PROBLEM DESCRIPTION: Beginning at the line containing "whose sign is" in the material below and ending at the line containing "using t h by", return each line exactly and add nothing.

RAW DATA:
(* Let $\lambda>1$ and $g_\lambda(x)=\frac{x^{\lambda}\Gamma(x)}{\Gamma(\lambda+x)}$, $x>0$. Then $g_\lambda\in\mathcal B_{\lambda-1}$, and $g_\lambda\notin\mathcal B_\tau$ for every $\tau\in(0,\lambda-1)$.
   Context: For $\tau>0$, $\mathcal B_\tau$ is the class of non-negative functions $f$ on $(0,\infty)$ having derivatives of all orders such that $x\mapsto f'(x)x^{1-\tau}$ is completely monotonic on $(0,\infty)$. *)

theory Defs
  imports "HOL-Analysis.Analysis"
begin

definition has_derivs_on :: "(real \<Rightarrow> real) \<Rightarrow> (nat \<Rightarrow> real \<Rightarrow> real) \<Rightarrow> real set \<Rightarrow> bool" where
  "has_derivs_on f D S \<longleftrightarrow>
     (\<forall>x\<in>S. D 0 x = f x) \<and>
     (\<forall>n. \<forall>x\<in>S. (D n has_real_derivative D (Suc n) x) (at x))"

definition smooth_on :: "(real \<Rightarrow> real) \<Rightarrow> real set \<Rightarrow> bool" where
  "smooth_on f S \<longleftrightarrow> (\<exists>D. has_derivs_on f D S)"

definition completely_monotonic_on :: "(real \<Rightarrow> real) \<Rightarrow> real set \<Rightarrow> bool" where
  "completely_monotonic_on f S \<longleftrightarrow>
     (\<exists>D. has_derivs_on f D S \<and> (\<forall>n. \<forall>x\<in>S. (-1) ^ n * D n x \<ge> 0))"

definition class_B :: "real \<Rightarrow> (real \<Rightarrow> real) \<Rightarrow> bool" where
  "class_B \<tau> f \<longleftrightarrow>
     (\<forall>x>0. f x \<ge> 0) \<and> smooth_on f {0<..} \<and>
     completely_monotonic_on (\<lambda>x. deriv f x * x powr (1 - \<tau>)) {0<..}"

definition g_lambda :: "real \<Rightarrow> real \<Rightarrow> real" where
  "g_lambda lam x = x powr lam * Gamma x / Gamma (lam + x)"

end

(* Write mu = lam - 1.  Since Gamma (x + 1) / Gamma (x + lam) = Beta (x + 1) mu / Gamma mu,
   g x = x^mu / Gamma mu * (INT t:0..1. t^x (1 - t)^(mu - 1)).  Differentiating under the integral
   and integrating by parts gives x^(1 - mu) g' x = (INT t:0..1. t^x V t) / Gamma mu with a weight
   V >= 0 on (0, 1); the n-th derivative of the right-hand side is (INT t:0..1. t^x (ln t)^n V t) / Gamma mu,
   whose sign is (-1)^n, so g lies in B_(lam - 1).
   Conversely, if f lies in B_tau then x^(1 - tau) f' x is nonincreasing, so as soon as f increases
   somewhere, f' x >= c x^(tau - 1) and hence f x >= c' x^tau near 0.  This is incompatible with the
   bound g x <= x^mu / Gamma lam when tau < mu. *)

theory Submission
  imports Defs "HOL-Complex_Analysis.Cauchy_Integral_Formula"
begin

lemma abs_exp_minus_linear_le:
  fixes y :: real
  shows "\<bar>exp y - 1 - y\<bar> \<le> y\<^sup>2 * exp \<bar>y\<bar> / 2"
proof -
  obtain s where s: "\<bar>s\<bar> \<le> \<bar>y\<bar>" "exp y = (\<Sum>m<2. y ^ m / fact m) + exp s / fact 2 * y\<^sup>2"
    using Maclaurin_exp_le[of y 2] by blast
  have "\<bar>exp y - 1 - y\<bar> = exp s / 2 * y\<^sup>2"
    using s(2) by (simp add: numeral_2_eq_2)
  also have "\<dots> \<le> exp \<bar>y\<bar> / 2 * y\<^sup>2"
    using s(1) by (intro mult_right_mono divide_right_mono) auto
  finally show ?thesis by (simp add: mult_ac)
qed

lemma abs_powr_minus_linear_le:
  fixes t x h :: real
  assumes t: "0 < t" "t < 1" and "0 < x" and h: "\<bar>h\<bar> \<le> x / 2"
  shows "\<bar>t powr (x + h) - t powr x - h * ln t * t powr x\<bar> \<le> h\<^sup>2 * (ln t)\<^sup>2 * t powr (x / 2)"
proof -
  have "t powr (x + h) = t powr x * exp (h * ln t)"
    using t by (simp add: powr_def algebra_simps flip: exp_add)
  then have "t powr (x + h) - t powr x - h * ln t * t powr x = t powr x * (exp (h * ln t) - 1 - h * ln t)"
    by (simp add: algebra_simps)
  then have "\<bar>t powr (x + h) - t powr x - h * ln t * t powr x\<bar> = t powr x * \<bar>exp (h * ln t) - 1 - h * ln t\<bar>"
    by (simp add: abs_mult)
  also have "\<dots> \<le> t powr x * ((h * ln t)\<^sup>2 * exp \<bar>h * ln t\<bar> / 2)"
    by (intro mult_left_mono abs_exp_minus_linear_le) auto
  also have "exp \<bar>h * ln t\<bar> = t powr (- \<bar>h\<bar>)"
    using t by (simp add: powr_def abs_mult)
  also have "t powr x * ((h * ln t)\<^sup>2 * t powr (- \<bar>h\<bar>) / 2) = (h * ln t)\<^sup>2 * t powr (x - \<bar>h\<bar>) / 2"
    by (simp add: powr_diff powr_minus field_simps)
  also have "\<dots> \<le> (h * ln t)\<^sup>2 * t powr (x - \<bar>h\<bar>)"
    by simp
  also have "\<dots> \<le> (h * ln t)\<^sup>2 * t powr (x / 2)"
    using t h by (intro mult_left_mono powr_mono') auto
  finally show ?thesis by (simp add: power_mult_distrib)
qed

TASK OUTPUT:
   whose sign is (-1)^n, so g lies in B_(lam - 1).
   Conversely, if f lies in B_tau then x^(1 - tau) f' x is nonincreasing, so as soon as f increases
   somewhere, f' x >= c x^(tau - 1) and hence f x >= c' x^tau near 0.  This is incompatible with the
   bound g x <= x^mu / Gamma lam when tau < mu. *)

theory Submission
  imports Defs "HOL-Complex_Analysis.Cauchy_Integral_Formula"
begin

lemma abs_exp_minus_linear_le:
  fixes y :: real
  shows "\<bar>exp y - 1 - y\<bar> \<le> y\<^sup>2 * exp \<bar>y\<bar> / 2"
proof -
  obtain s where s: "\<bar>s\<bar> \<le> \<bar>y\<bar>" "exp y = (\<Sum>m<2. y ^ m / fact m) + exp s / fact 2 * y\<^sup>2"
    using Maclaurin_exp_le[of y 2] by blast
  have "\<bar>exp y - 1 - y\<bar> = exp s / 2 * y\<^sup>2"
    using s(2) by (simp add: numeral_2_eq_2)
  also have "\<dots> \<le> exp \<bar>y\<bar> / 2 * y\<^sup>2"
    using s(1) by (intro mult_right_mono divide_right_mono) auto
  finally show ?thesis by (simp add: mult_ac)
qed

lemma abs_powr_minus_linear_le:
  fixes t x h :: real
  assumes t: "0 < t" "t < 1" and "0 < x" and h: "\<bar>h\<bar> \<le> x / 2"
  shows "\<bar>t powr (x + h) - t powr x - h * ln t * t powr x\<bar> \<le> h\<^sup>2 * (ln t)\<^sup>2 * t powr (x / 2)"
proof -
  have "t powr (x + h) = t powr x * exp (h * ln t)"
    using t by (simp add: powr_def algebra_simps flip: exp_add)
  then have "t powr (x + h) - t powr x - h * ln t * t powr x = t powr x * (exp (h * ln t) - 1 - h * ln t)"
    by (simp add: algebra_simps)
  then have "\<bar>t powr (x + h) - t powr x - h * ln t * t powr x\<bar> = t powr x * \<bar>exp (h * ln t) - 1 - h * ln t\<bar>"
    by (simp add: abs_mult)
  also have "\<dots> \<le> t powr x * ((h * ln t)\<^sup>2 * exp \<bar>h * ln t\<bar> / 2)"
    by (intro mult_left_mono abs_exp_minus_linear_le) auto
  also have "exp \<bar>h * ln t\<bar> = t powr (- \<bar>h\<bar>)"
    using t by (simp add: powr_def abs_mult)
  also have "t powr x * ((h * ln t)\<^sup>2 * t powr (- \<bar>h\<bar>) / 2) = (h * ln t)\<^sup>2 * t powr (x - \<bar>h\<bar>) / 2"
    by (simp add: powr_diff powr_minus field_simps)
  also have "\<dots> \<le> (h * ln t)\<^sup>2 * t powr (x - \<bar>h\<bar>)"
    by simp
  also have "\<dots> \<le> (h * ln t)\<^sup>2 * t powr (x / 2)"
    using t h by (intro mult_left_mono powr_mono') auto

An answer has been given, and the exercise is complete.